Celtics icon Paul Pierce promotes new cannabis brand in Boston
Former NBA star and ESPN basketball analyst Paul Pierce was in Boston over the weekend stopping at a marijuana dispensary to promote his new line of cannabis products, Truth Number 34. During his visit, the former Boston Celtics striker told fans and customers of the pharmacy that the new brand’s products are as reliable as they were on the pitch when the clock ticked zero.
“I know we will bring something that you can rely on, something that you can go to, something that is handy,” Pierce said at the advertising appearance on Sunday.
“Similar to my game,” he added. “That will be my product.”
Pierce announced earlier this year that it would launch its new brand in the Massachusetts capital, where legal adult cannabis sales began in 2018. Plans for the new company include a range of cannabis edibles, topicals, and concentrates sold under the brand called Truth, which was Pierce’s nickname as an NBA player. A characteristic variety of cannabis flower is set to land on pharmacy shelves next year.
“I have such a great connection with Boston,” Pierce told the Boston Globe in May, “that’s why I’m delighted to be introducing the brand there first and to educate people about the plant – how it can help in everyday life and also with sports and” Recreation.”

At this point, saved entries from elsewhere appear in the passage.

lemma gamma_alpha_linear_bound:
  fixes x0 y0 c s :: real
  assumes "x0\<^sup>2 + y0\<^sup>2 = 1" "c\<^sup>2 + s\<^sup>2 = 1"
  shows "x0 * (4 * c\<^sup>2 - 3) + y0 * (4 * c * s) - 1 \<le> 40 * (1 - c) - (1 - x0) / 2"
proof -
  have "x0\<^sup>2 \<le> 1" "c\<^sup>2 \<le> 1"
    using assms zero_le_power2[of y0] zero_le_power2[of s] by linarith+
  then have x0_bound: "\<bar>x0\<bar> \<le> 1" and c_bound: "\<bar>c\<bar> \<le> 1"
    by (simp_all add: abs_square_le_1)
  have "y0\<^sup>2 = (1 - x0) * (1 + x0)" "s\<^sup>2 = (1 - c) * (1 + c)"
    using assms by (simp_all add: power2_eq_square algebra_simps)
  moreover have "(1 - x0) * (1 + x0) \<le> 2 * (1 - x0)" and c_sq: "(1 - c) * (1 + c) \<le> 2 * (1 - c)"
    using zero_le_power2[of "1 - x0"] zero_le_power2[of "1 - c"]
    by (simp_all add: power2_eq_square algebra_simps)
  ultimately have y0_sq: "y0\<^sup>2 \<le> 2 * (1 - x0)" and s_sq: "s\<^sup>2 \<le> 2 * (1 - c)"
    by linarith+
  have "y0 * (4 * c * s) \<le> \<bar>y0 * (4 * c * s)\<bar>"
    by (rule abs_ge_self)
  also have "\<dots> = 4 * \<bar>y0\<bar> * \<bar>s\<bar> * \<bar>c\<bar>"
    by (simp add: abs_mult)
  also have "\<dots> \<le> 4 * \<bar>y0\<bar> * \<bar>s\<bar>"
    using c_bound by (simp add: mult_left_le)
  also have "\<dots> \<le> y0\<^sup>2 / 4 + 16 * s\<^sup>2"
    using zero_le_power2[of "\<bar>y0\<bar> / 2 - 4 * \<bar>s\<bar>"] by (simp add: power2_eq_square algebra_simps)
  finally have cross: "y0 * (4 * c * s) \<le> (1 - x0) / 2 + 32 * (1 - c)"
    using y0_sq s_sq by linarith
  have "0 \<le> (1 + x0) * ((1 - c) * (1 + c))"
    using x0_bound c_bound by simp
  then have "x0 * (4 * c\<^sup>2 - 3) - 1 \<le> - (1 - x0) + 4 * ((1 - c) * (1 + c))"
    by (simp add: power2_eq_square algebra_simps)
  with c_sq cross show ?thesis
    by argo
qed

lemma gamma_height_deficit:
  fixes c :: real
  assumes "\<bar>c\<bar> \<le> 1"
  shows "(1 - c)\<^sup>2 / 2 \<le> 1 - (3 * c - c ^ 3) / 2"
proof -
  have "(1 - c)\<^sup>2 * 1 \<le> (1 - c)\<^sup>2 * (2 + c)"
    using assms by (intro mult_left_mono) auto
  then have "(1 - c)\<^sup>2 / 2 \<le> (1 - c)\<^sup>2 * (2 + c) / 2"
    by simp
  also have "\<dots> = 1 - (3 * c - c ^ 3) / 2"
    by (simp add: power2_eq_square power3_eq_cube field_simps)
  finally show ?thesis .
qed

(* With e = 1 - x0 and d = 1 - c: either the left-hand side, at most 40 d - e/2, is
   negative, or d >= e/80 and the right-hand side is at least 8000/e * d^2/2 >= 50 d. *)
lemma gamma_alpha_bound:
  fixes x0 y0 c s :: real
  assumes "x0\<^sup>2 + y0\<^sup>2 = 1" "c\<^sup>2 + s\<^sup>2 = 1" "x0 < 1"
  shows "x0 * (4 * c\<^sup>2 - 3) + y0 * (4 * c * s) - 1 < 8000 / (1 - x0) * (1 - (3 * c - c ^ 3) / 2)"
proof -
  define e d where "e = 1 - x0" and "d = 1 - c"
  have "c\<^sup>2 \<le> 1"
    using assms(2) zero_le_power2[of s] by linarith
  then have "\<bar>c\<bar> \<le> 1"
    by (simp add: abs_square_le_1)
  then have "e > 0" "0 \<le> d" and height: "d\<^sup>2 / 2 \<le> 1 - (3 * c - c ^ 3) / 2"
    using assms(3) gamma_height_deficit by (auto simp: e_def d_def)
  have lin: "x0 * (4 * c\<^sup>2 - 3) + y0 * (4 * c * s) - 1 \<le> 40 * d - e / 2"
    using gamma_alpha_linear_bound[OF assms(1,2)] by (simp add: e_def d_def)
  have "x0 * (4 * c\<^sup>2 - 3) + y0 * (4 * c * s) - 1 < 8000 / e * (1 - (3 * c - c ^ 3) / 2)"
  proof (cases "80 * d < e")
    case True
    have "0 \<le> 1 - (3 * c - c ^ 3) / 2"
      using height zero_le_power2[of d] by linarith
    then have "0 \<le> 8000 / e * (1 - (3 * c - c ^ 3) / 2)"
      using \<open>e > 0\<close> by simp
    with lin True show ?thesis
      by linarith
  next
    case False
    then have "50 * d \<le> 8000 / e * (d\<^sup>2 / 2)"
      using \<open>e > 0\<close> \<open>0 \<le> d\<close> by (simp add: power2_eq_square field_simps mult_right_mono)
    also have "\<dots> \<le> 8000 / e * (1 - (3 * c - c ^ 3) / 2)"
      using \<open>e > 0\<close> by (intro mult_left_mono[OF height]) simp
    finally show ?thesis
      using lin False \<open>e > 0\<close> by linarith
  qed
  then show ?thesis
    by (simp add: e_def)
qed

lemma alpha_normal_z_exists:
  fixes x0 y0 :: real
  assumes "x0\<^sup>2 + y0\<^sup>2 = 1"
  obtains L :: real where "L > 0"
    and "\<And>c s. c\<^sup>2 + s\<^sup>2 = 1 \<Longrightarrow> \<not> (c = 1 \<and> x0 = 1) \<Longrightarrow>
           x0 * (4 * c\<^sup>2 - 3) + y0 * (4 * c * s) + L * ((3 * c - c ^ 3) / 2) < 1 + L"
proof (cases "x0 = 1")
  case True
  then have "y0 = 0"
    using assms by simp
  have "4 * c\<^sup>2 - 3 + (3 * c - c ^ 3) / 2 < 2" if "c\<^sup>2 + s\<^sup>2 = 1" "c \<noteq> 1" for c s :: real
  proof (rule gamma_vertex_bound)
    have "c\<^sup>2 \<le> 1"
      using that(1) zero_le_power2[of s] by linarith
    then show "\<bar>c\<bar> \<le> 1"
      by (simp add: abs_square_le_1)
  qed (use that in simp)
  with True \<open>y0 = 0\<close> show thesis
    by (intro that[of 1]) auto
next
  case False
  have "x0\<^sup>2 \<le> 1"
    using assms zero_le_power2[of y0] by linarith
  then have "\<bar>x0\<bar> \<le> 1"
    by (simp add: abs_square_le_1)
  with False have "x0 < 1"
    by linarith
  show thesis
  proof (rule that[of "8000 / (1 - x0)"])
    show "8000 / (1 - x0) > 0"
      using \<open>x0 < 1\<close> by simp
    fix c s :: real
    assume "c\<^sup>2 + s\<^sup>2 = 1"
    from gamma_alpha_bound[OF assms this \<open>x0 < 1\<close>]
    show "x0 * (4 * c\<^sup>2 - 3) + y0 * (4 * c * s) + 8000 / (1 - x0) * ((3 * c - c ^ 3) / 2)
          < 1 + 8000 / (1 - x0)"
      by (simp add: right_diff_distrib)
  qed
qed

lemma unique_linear_maximizer_alpha_curve:
  "unique_linear_maximizer (range alpha_curve \<union> range beta_curve \<union> range gamma_curve) (alpha_curve s0)"
proof -
  obtain L where "L > 0" and gamma_below:
    "\<And>c s. c\<^sup>2 + s\<^sup>2 = 1 \<Longrightarrow> \<not> (c = 1 \<and> cos s0 = 1) \<Longrightarrow>
       cos s0 * (4 * c\<^sup>2 - 3) + sin s0 * (4 * c * s) + L * ((3 * c - c ^ 3) / 2) < 1 + L"
    using alpha_normal_z_exists[of "cos s0" "sin s0"] by auto
  define a where "a = (vector [cos s0, sin s0, L] :: real^3)"
  have circle: "cos s0 * cos t + sin s0 * sin t \<le> 1" for t
    by (rule unit_circle_inner_le_1) simp_all
  have a_alpha: "a \<bullet> alpha_curve t = cos s0 * cos t + sin s0 * sin t + L" for t
    by (simp add: a_def alpha_curve_def inner_vector_3)
  have a_p: "a \<bullet> alpha_curve s0 = 1 + L"
    using a_alpha[of s0] sin_cos_squared_add3[of s0] by simp
  have "a \<bullet> q < a \<bullet> alpha_curve s0"
    if q: "q \<in> range alpha_curve \<union> range beta_curve \<union> range gamma_curve" "q \<noteq> alpha_curve s0" for q
  proof -
    consider t where "q = alpha_curve t" | t where "q = beta_curve t" | u where "q = gamma_curve u"
      using q(1) by blast
    then show ?thesis
    proof cases
      case (1 t)
      with q(2) have "cos s0 * cos t + sin s0 * sin t \<noteq> 1"
        by (simp add: alpha_curve_def vector_3_eq_iff
            unit_circle_inner_le_1(2)[of "cos s0" "sin s0" "cos t" "sin t"])
      with circle[of t] show ?thesis
        using 1 by (simp add: a_alpha a_p)
    next
      case (2 t)
      then have "a \<bullet> q = cos s0 * cos t + sin s0 * sin t - L"
        by (simp add: a_def beta_curve_def inner_vector_3)
      with circle[of t] \<open>L > 0\<close> show ?thesis
        by (simp add: a_p)
    next
      case (3 u)
      have "\<not> (cos u = 1 \<and> cos s0 = 1)"
        using q(2) by (auto simp: 3 gamma_curve_cos_sin alpha_curve_def vector_3_eq_iff cos_one_sin_zero)
      moreover have "a \<bullet> q = cos s0 * (4 * (cos u)\<^sup>2 - 3) + sin s0 * (4 * cos u * sin u)
          + L * ((3 * cos u - cos u ^ 3) / 2)"
        by (simp add: 3 a_def gamma_curve_cos_sin inner_vector_3)
      ultimately show ?thesis
        using gamma_below[of "cos u" "sin u"] a_p by simp
    qed
  qed
  moreover have "a \<noteq> 0"
    using \<open>L > 0\<close> by (simp add: a_def vector_3_eq_0_iff)
  ultimately show ?thesis
    unfolding unique_linear_maximizer_def by blast
qed

definition reflect_z :: "real^3 \<Rightarrow> real^3" where
  "reflect_z x = vector [x$1, x$2, - x$3]"

lemma inner_reflect_z: "reflect_z x \<bullet> reflect_z y = x \<bullet> y"
  by (simp add: reflect_z_def inner_vector_3 inner_vec_def sum_3)

lemma reflect_z_alpha_curve: "reflect_z (alpha_curve t) = beta_curve t"
  by (simp add: reflect_z_def alpha_curve_def beta_curve_def)

lemma reflect_z_beta_curve: "reflect_z (beta_curve t) = alpha_curve t"
  by (simp add: reflect_z_def alpha_curve_def beta_curve_def)

lemma reflect_z_gamma_curve: "reflect_z (gamma_curve u) = gamma_curve (u + pi)"
  by (simp add: reflect_z_def gamma_curve_cos_sin vector_3_eq_iff field_simps)

lemma reflect_z_reflect_z: "reflect_z (reflect_z x) = x"
  by (simp add: reflect_z_def vec_eq_iff forall_3)

lemma reflect_z_curves:
  "reflect_z ` (range alpha_curve \<union> range beta_curve \<union> range gamma_curve) =
     range alpha_curve \<union> range beta_curve \<union> range gamma_curve" (is "reflect_z ` ?T = ?T")
proof
  show sub: "reflect_z ` ?T \<subseteq> ?T"
    by (auto simp: reflect_z_alpha_curve reflect_z_beta_curve reflect_z_gamma_curve)
  show "?T \<subseteq> reflect_z ` ?T"
  proof
    fix x assume "x \<in> ?T"
    with sub have "reflect_z x \<in> ?T"
      by blast
    then show "x \<in> reflect_z ` ?T"
      by (metis image_eqI reflect_z_reflect_z)
  qed
qed
lemma disjoint_blocks:
  "b \<in> blocks n K zs \<Longrightarrow> b' \<in> blocks n K zs \<Longrightarrow> b \<noteq> b' \<Longrightarrow> block n zs b \<inter> block n zs b' = {}"
  using block_of_eq by blast

lemma merge_split_blocks:
  assumes "zs \<in> nbhd_structs n K" "x \<in> sample_space n Xs"
  shows "merge_blocks n zs (split_blocks n K zs x) = x"
proof
  fix e
  show "merge_blocks n zs (split_blocks n K zs x) e = x e"
  proof (cases "e \<in> edges n")
    case True
    then show ?thesis
      using block_of_in_blocks[OF assms(1) True] by (simp add: merge_blocks_def split_blocks_def)
  next
    case False
    then show ?thesis
      using PiE_arb[OF assms(2)[unfolded sample_space_def] False] by (simp add: merge_blocks_def)
  qed
qed

lemma split_merge_blocks:
  assumes "\<And>b. b \<in> blocks n K zs \<Longrightarrow> w b \<in> extensional (block n zs b)"
    and "\<And>b. b \<notin> blocks n K zs \<Longrightarrow> w b = (\<lambda>_. undefined)"
  shows "split_blocks n K zs (merge_blocks n zs w) = w"
proof (intro ext)
  fix b e
  show "split_blocks n K zs (merge_blocks n zs w) b e = w b e"
    using assms(2) block_subset_edges[of b n K zs] block_of_eq[of b n K zs e] extensional_arb[OF assms(1)]
    by (auto simp: split_blocks_def merge_blocks_def)
qed
lemma sample_size_from_error_bound:
  fixes g :: real and n N :: nat
  assumes "0 < g" "1 \<le> n"
    and bound: "2 * N \<le> n \<Longrightarrow> g \<le> sqrt (exp (2 * (real N)\<^sup>2 / n) - 1)"
  shows "min (1/2) (sqrt (ln (1 + g\<^sup>2) / 2)) * sqrt n \<le> N"
proof (cases "2 * N \<le> n")
  case True
  have "g\<^sup>2 \<le> exp (2 * (real N)\<^sup>2 / n) - 1"
    using assms(1) bound[OF True] by (intro sqrt_ge_absD) simp
  then have "ln (1 + g\<^sup>2) \<le> 2 * (real N)\<^sup>2 / n"
    by (subst exp_le_cancel_iff[symmetric]) (simp add: add_pos_nonneg)
  then have "ln (1 + g\<^sup>2) / 2 * n \<le> (real N)\<^sup>2"
    using assms(2) by (simp add: field_simps)
  then have "sqrt (ln (1 + g\<^sup>2) / 2) * sqrt n \<le> N"
    by (simp add: real_le_lsqrt flip: real_sqrt_mult)
  moreover have "min (1/2) (sqrt (ln (1 + g\<^sup>2) / 2)) * sqrt n \<le> sqrt (ln (1 + g\<^sup>2) / 2) * sqrt n"
    by (intro mult_right_mono) simp_all
  ultimately show ?thesis
    by linarith
next
  case False
  have "sqrt n \<le> n"
    using assms(2) by (intro real_le_lsqrt) (auto simp: power2_eq_square)
  then have "min (1/2) (sqrt (ln (1 + g\<^sup>2) / 2)) * sqrt n \<le> n / 2"
    using mult_mono[of "min (1/2) (sqrt (ln (1 + g\<^sup>2) / 2))" "1/2" "sqrt n" n] by simp
  then show ?thesis
    using False by linarith
qed

theorem proposition3:
  fixes \<alpha> \<beta> \<epsilon> :: real
  assumes "0 < \<alpha>" "\<alpha> < 1/2" "0 < \<beta>" "\<beta> < 1/2" "0 < \<epsilon>" "\<epsilon> < 1/2"
  shows "\<exists>c>0. \<forall>n N :: nat. \<forall>psi :: (nat \<Rightarrow> nat) \<Rightarrow> (nat \<Rightarrow> nat) \<Rightarrow> bool.
           1 \<le> n \<longrightarrow> 1 \<le> N \<longrightarrow>
           (\<forall>p\<in>simplex n. prob_H1 n N p p psi \<le> \<alpha>) \<longrightarrow>
           (\<forall>p\<in>simplex n. \<forall>q\<in>simplex n.
              l2norm n (\<lambda>i. p i - q i) \<ge> \<epsilon> * l2norm n p \<longrightarrow> prob_H0 n N p q psi \<le> \<beta>) \<longrightarrow>
           real N \<ge> c * sqrt (real n)"
proof -
  define g where "g = 1 - \<alpha> - \<beta>"
  have "0 < g"
    using assms by (simp add: g_def)
  then have "0 < ln (1 + g\<^sup>2)"
    by (intro ln_gt_zero) simp
  show ?thesis
  proof (intro exI[of _ "min (1/2) (sqrt (ln (1 + g\<^sup>2) / 2))"] conjI allI impI)
    fix n N :: nat and psi :: "(nat \<Rightarrow> nat) \<Rightarrow> (nat \<Rightarrow> nat) \<Rightarrow> bool"
    assume n: "1 \<le> n" and N: "1 \<le> N"
      and null: "\<forall>p\<in>simplex n. prob_H1 n N p p psi \<le> \<alpha>"
      and alt: "\<forall>p\<in>simplex n. \<forall>q\<in>simplex n.
              l2norm n (\<lambda>i. p i - q i) \<ge> \<epsilon> * l2norm n p \<longrightarrow> prob_H0 n N p q psi \<le> \<beta>"
    have bound: "g \<le> sqrt (exp (2 * (real N)\<^sup>2 / n) - 1)" if "2 * N \<le> n"
    proof -
      have "2 \<le> n"
        using N that by linarith
      then show ?thesis
        unfolding g_def using n that null uniform_in_simplex[OF n]
        by (intro paninski_testing_bound)
          (use alt assms(5,6) paninski_in_simplex paninski_far_from_uniform in auto)
    qed
    show "min (1/2) (sqrt (ln (1 + g\<^sup>2) / 2)) * sqrt n \<le> N"
      by (rule sample_size_from_error_bound[OF \<open>0 < g\<close> n bound])
  qed (use \<open>0 < ln (1 + g\<^sup>2)\<close> in simp)
qed

end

Paul Pierce on cannabis for health
Pierce became a vocal cannabis advocate after surviving a brutal knife attack in a Boston nightclub in September 2000. He said cannabis saved his life after the attack, which almost killed him and left him mentally traumatized. Although Pierce made a remarkably quick physical recovery, he struggled with paranoia, anxiety, depression, and insomnia after the attack.
“I’ve had a lot of depression and anxiety and sleep problems – a lot,” he said. “So I really relied more on cannabis. But it was difficult, man. “
Pierce described how the drugs prescribed by the team doctors were ineffective and had undesirable, if not dangerous, side effects.
“Athletes don’t even know what’s in these pills. The league doctors just say, ‘Take this, take this, here’s a prescription,’ ”he said. “We get addicted to this stuff. It’s so harmful to your body. You don’t notice that your liver and all of your other organs are pounding hard. “
“You really couldn’t do it during the season because of the tests, but sometimes I couldn’t even help myself – I took an edible or smoked a joint just to get some sleep and had to deal with it.” With the consequences, “added he added. “It was really bad for me in the beginning.”
Pierce fired from ESPN after posting a racy weed video
After retiring from the NBA in 2017, Pierce took a job as a basketball analyst at ESPN, working on sports network shows The Jump and NBA Countdown. But after posting an Instagram video earlier this year showing him smoking marijuana with scantily clad women in the background, Pierce was fired in April from ESPN, owned by family-run entertainment company Disney.
However, Pierce apparently took the job loss calmly and posted a video on Instagram the day after he was fired, sharing his positive attitude with the world.
“Yo, I just want to thank all of my supporters and thank my haters and everything,” Pierce said in the video. “Check it out, bigger and better things are coming, baby. Do not worry. You fall twice, you get up three times. Always remember to smile, baby. “
Just three weeks later, he posted another video that showed him surrounded by cannabis plants in a cultivation facility, pointing out the upcoming business venture.
“We’re over in the lab, baby,” he said while panning the camera and added, “Coming soon, baby.”